++++ EXERCISE DATA

(* Let $p\ge5$ be a prime. Then $H^1(\mathrm{Sym}(p),X_{\{2\}})=0$, and $H^1(\mathrm{Sym}(p),D_{\{q\}})=0$ for every odd prime $q$.
   Context: $\mathrm{Sym}(p)$ is identified with the group of $p\times p$ permutation matrices (via $\alpha\mapsto[\delta_{i\alpha,j}]_{i,j}$) and acts by conjugation on the group $\mathrm{D}(p,\mathbb{C})$ of invertible diagonal matrices. $D$ is the torsion subgroup of $\mathrm{D}(p,\mathbb{C})$ and $D_{\{q\}}$ its subgroup of elements of $q$-power order; $X=\mathrm{SL}(p,\mathbb{C})\cap\mathrm{D}(p,\mathbb{C})$ and $X_{\{2\}}$ is its subgroup of elements of $2$-power order. These are regarded as $\mathrm{Sym}(p)$-modules. *)

theory Defs
  imports Complex_Main "HOL-Combinatorics.Permutations" "HOL-Computational_Algebra.Primes"
begin

text \<open>An invertible diagonal p x p complex matrix is represented by its diagonal,
  a function d :: nat => complex with d i nonzero for i < p, normalised
  by d i = 1 for i >= p.  Multiplication of diagonal matrices is pointwise.\<close>

definition diag_group :: "nat \<Rightarrow> (nat \<Rightarrow> complex) set" where
  "diag_group p = {d. (\<forall>i<p. d i \<noteq> 0) \<and> (\<forall>i\<ge>p. d i = 1)}"

definition diag_torsion :: "nat \<Rightarrow> (nat \<Rightarrow> complex) set" where
  "diag_torsion p = {d \<in> diag_group p. \<exists>n>0. \<forall>i<p. d i ^ n = 1}"

definition diag_SL :: "nat \<Rightarrow> (nat \<Rightarrow> complex) set" where
  "diag_SL p = {d \<in> diag_group p. (\<Prod>i<p. d i) = 1}"

definition pow_part :: "nat \<Rightarrow> (nat \<Rightarrow> complex) set \<Rightarrow> nat \<Rightarrow> (nat \<Rightarrow> complex) set" where
  "pow_part p M q = {d \<in> M. \<exists>k. \<forall>i<p. d i ^ (q ^ k) = 1}"

text \<open>Conjugation action: with permutation matrix P_a = [delta_{a(i), j}],
  P_a d P_a^{-1} has diagonal i |-> d (a i).  With the paper's convention of
  right-written permutations (i a b = (i a) b), the product a b in Sym(p) is
  b o a, and a |-> P_a is a homomorphism; conjugation is a left action.\<close>
definition sym_act :: "(nat \<Rightarrow> nat) \<Rightarrow> (nat \<Rightarrow> complex) \<Rightarrow> (nat \<Rightarrow> complex)" where
  "sym_act a d = (\<lambda>i. d (a i))"

definition cocycles :: "nat \<Rightarrow> (nat \<Rightarrow> complex) set \<Rightarrow> ((nat \<Rightarrow> nat) \<Rightarrow> (nat \<Rightarrow> complex)) set" where
  "cocycles p M = {f. (\<forall>a. a permutes {..<p} \<longrightarrow> f a \<in> M) \<and>
      (\<forall>a b. a permutes {..<p} \<longrightarrow> b permutes {..<p} \<longrightarrow>
         f (b \<circ> a) = (\<lambda>i. f a i * sym_act a (f b) i))}"

definition is_coboundary :: "nat \<Rightarrow> (nat \<Rightarrow> complex) set \<Rightarrow> ((nat \<Rightarrow> nat) \<Rightarrow> (nat \<Rightarrow> complex)) \<Rightarrow> bool" where
  "is_coboundary p M f \<longleftrightarrow> (\<exists>m\<in>M. \<forall>a. a permutes {..<p} \<longrightarrow>
      f a = (\<lambda>i. sym_act a m i / m i))"

definition H1_vanishes :: "nat \<Rightarrow> (nat \<Rightarrow> complex) set \<Rightarrow> bool" where
  "H1_vanishes p M \<longleftrightarrow> (\<forall>f\<in>cocycles p M. is_coboundary p M f)"

end

theory Submission
  imports Defs "HOL-Number_Theory.Cong"
begin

++++++++

HOW TO COMPLETE THIS TASK => Set down only the lines above that fall between the line holding "set \<Rightarrow> nat" and the line holding "right-written permutations (i", inclusive, keeping each exact.

TASK RESPONSE =>
definition pow_part :: "nat \<Rightarrow> (nat \<Rightarrow> complex) set \<Rightarrow> nat \<Rightarrow> (nat \<Rightarrow> complex) set" where
  "pow_part p M q = {d \<in> M. \<exists>k. \<forall>i<p. d i ^ (q ^ k) = 1}"

text \<open>Conjugation action: with permutation matrix P_a = [delta_{a(i), j}],
  P_a d P_a^{-1} has diagonal i |-> d (a i).  With the paper's convention of
  right-written permutations (i a b = (i a) b), the product a b in Sym(p) is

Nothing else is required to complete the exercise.